In-depth content (primarily text-based) is the most important
This includes linking to articles on other sites, posting text topics on Tildes itself, and the comment discussions. In general, any changes to the site that will cause "shallower" content to gain an advantage should be considered very carefully.
Let users make their own decisions about what they want to see
Another recent trend has to been to rely heavily on machine-learning and "personalization algorithms" to determine what you see when you visit a site. These can work well, but they also often jump to wildly wrong conclusions.

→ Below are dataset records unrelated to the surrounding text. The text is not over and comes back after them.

definition rel2 :: "('a::complex_vector \<times> 'b::complex_vector \<Rightarrow> complex) set" where
  "rel2 =
     {(\<lambda>p. dlt (x + x', y) p - dlt (x, y) p - dlt (x', y) p) | x x' y. True}
   \<union> {(\<lambda>p. dlt (x, y + y') p - dlt (x, y) p - dlt (x, y') p) | x y y'. True}
   \<union> {(\<lambda>p. dlt (scaleC c x, y) p - c * dlt (x, y) p) | c x y. True}
   \<union> {(\<lambda>p. dlt (x, scaleC c y) p - c * dlt (x, y) p) | c x y. True}"

definition rel3 :: "('a::complex_vector \<times> 'b::complex_vector \<times> 'c::complex_vector \<Rightarrow> complex) set" where
  "rel3 =
     {(\<lambda>p. dlt (x + x', y, z) p - dlt (x, y, z) p - dlt (x', y, z) p) | x x' y z. True}
   \<union> {(\<lambda>p. dlt (x, y + y', z) p - dlt (x, y, z) p - dlt (x, y', z) p) | x y y' z. True}
   \<union> {(\<lambda>p. dlt (x, y, z + z') p - dlt (x, y, z) p - dlt (x, y, z') p) | x y z z'. True}
   \<union> {(\<lambda>p. dlt (scaleC c x, y, z) p - c * dlt (x, y, z) p) | c x y z. True}
   \<union> {(\<lambda>p. dlt (x, scaleC c y, z) p - c * dlt (x, y, z) p) | c x y z. True}
   \<union> {(\<lambda>p. dlt (x, y, scaleC c z) p - c * dlt (x, y, z) p) | c x y z. True}"

definition relB2 :: "'a::complex_algebra_1 set \<Rightarrow> ('a \<times> 'a \<Rightarrow> complex) set" where
  "relB2 B = rel2 \<union> {(\<lambda>p. dlt (x * b, y) p - dlt (x, b * y) p) | x y b. b \<in> B}"

text \<open>Relations for A \<otimes> (A \<otimes>_B A).\<close>
definition relB3 :: "'a::complex_algebra_1 set \<Rightarrow> ('a \<times> 'a \<times> 'a \<Rightarrow> complex) set" where
  "relB3 B = rel3 \<union> {(\<lambda>p. dlt (z, x * b, y) p - dlt (z, x, b * y) p) | z x y b. b \<in> B}"

definition linear2 :: "('v::complex_vector \<Rightarrow> ('a::complex_vector \<times> 'b::complex_vector) list) \<Rightarrow> bool" where
  "linear2 f \<longleftrightarrow> (\<forall>x y. teq rel2 (f (x + y)) (f x @ f y))
     \<and> (\<forall>c x. teq rel2 (f (scaleC c x)) (map (\<lambda>(u, v). (scaleC c u, v)) (f x)))"

text \<open>Hopf algebra (H, \<Delta>, \<epsilon>, S) over the complex numbers; the algebra structure is
the type class complex_algebra_1, \<Delta>(h) is given by a Sweedler representative.\<close>
definition hopf_algebra :: "('h::complex_algebra_1 \<Rightarrow> ('h \<times> 'h) list) \<Rightarrow> ('h \<Rightarrow> complex) \<Rightarrow> ('h \<Rightarrow> 'h) \<Rightarrow> bool" where
  "hopf_algebra \<Delta> \<epsilon> S \<longleftrightarrow>
     linear2 \<Delta> \<and> linearC \<epsilon> \<and> linearC S
   \<and> (\<forall>h. teq rel3 [(u, v, w). (p, w) \<leftarrow> \<Delta> h, (u, v) \<leftarrow> \<Delta> p]
                   [(u, v, w). (u, q) \<leftarrow> \<Delta> h, (v, w) \<leftarrow> \<Delta> q])
   \<and> (\<forall>h. sum_list (map (\<lambda>(u, v). scaleC (\<epsilon> u) v) (\<Delta> h)) = h)
   \<and> (\<forall>h. sum_list (map (\<lambda>(u, v). scaleC (\<epsilon> v) u) (\<Delta> h)) = h)
   \<and> (\<forall>h k. teq rel2 (\<Delta> (h * k)) [(u * u', v * v'). (u, v) \<leftarrow> \<Delta> h, (u', v') \<leftarrow> \<Delta> k])
   \<and> teq rel2 (\<Delta> 1) [(1, 1)]
   \<and> (\<forall>h k. \<epsilon> (h * k) = \<epsilon> h * \<epsilon> k) \<and> \<epsilon> 1 = 1
   \<and> (\<forall>h. sum_list (map (\<lambda>(u, v). S u * v) (\<Delta> h)) = scaleC (\<epsilon> h) 1)
   \<and> (\<forall>h. sum_list (map (\<lambda>(u, v). u * S v) (\<Delta> h)) = scaleC (\<epsilon> h) 1)"

text \<open>Right H-comodule algebra A with coaction \<delta>(a) = a_(0) \<otimes> a_(1).\<close>
definition comodule_algebra ::
  "('h::complex_algebra_1 \<Rightarrow> ('h \<times> 'h) list) \<Rightarrow> ('h \<Rightarrow> complex) \<Rightarrow> ('a::complex_algebra_1 \<Rightarrow> ('a \<times> 'h) list) \<Rightarrow> bool" where
  "comodule_algebra \<Delta> \<epsilon> \<delta> \<longleftrightarrow>
     linear2 \<delta>
   \<and> (\<forall>a. teq rel3 [(x, h, k). (y, k) \<leftarrow> \<delta> a, (x, h) \<leftarrow> \<delta> y]
                   [(x, h, k). (x, g) \<leftarrow> \<delta> a, (h, k) \<leftarrow> \<Delta> g])
   \<and> (\<forall>a. sum_list (map (\<lambda>(x, h). scaleC (\<epsilon> h) x) (\<delta> a)) = a)
   \<and> (\<forall>a a'. teq rel2 (\<delta> (a * a')) [(x * y, h * k). (x, h) \<leftarrow> \<delta> a, (y, k) \<leftarrow> \<delta> a'])
   \<and> teq rel2 (\<delta> 1) [(1, 1)]"

definition coinvariants :: "('a::complex_algebra_1 \<Rightarrow> ('a \<times> 'h::complex_algebra_1) list) \<Rightarrow> 'a set" where
  "coinvariants \<delta> = {b. teq rel2 (\<delta> b) [(b, 1)]}"

definition galois_map :: "('a::complex_algebra_1 \<Rightarrow> ('a \<times> 'h::complex_algebra_1) list) \<Rightarrow> ('a \<times> 'a) list \<Rightarrow> ('a \<times> 'h) list" where
  "galois_map \<delta> X = [(a' * x, h). (a', a) \<leftarrow> X, (x, h) \<leftarrow> \<delta> a]"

To quote one of my favorite tweets on the topic:
Me: watches a single YouTube tutorial so I can fix my door hinge
YouTube: WHAT'S UP, HINGE-LOVER? HERE ARE THE TOP 1000 VIDEOS FROM THE HINGER COMMUNITY THIS WEEK. CHECK OUT THIS TRENDING HINGE CONTENT FROM ENGAGING HINGEFLUENCERS
These algorithms have largely replaced predictable and chronological feeds, instead trying to addict users by turning the experience into a slot machine where we're never sure if we're "done" or what content we're going to be given.
On Tildes, I want to stick to predictable ways to view content, along with using additional information (such as metadata and tags) to give users flexible methods of deciding for themselves what they want to see (and not see). Once again, since Tildes doesn't need to prioritize growth or show ads, it can stay away from manipulative mechanics and focus on just helping users find what they want as easily as possible.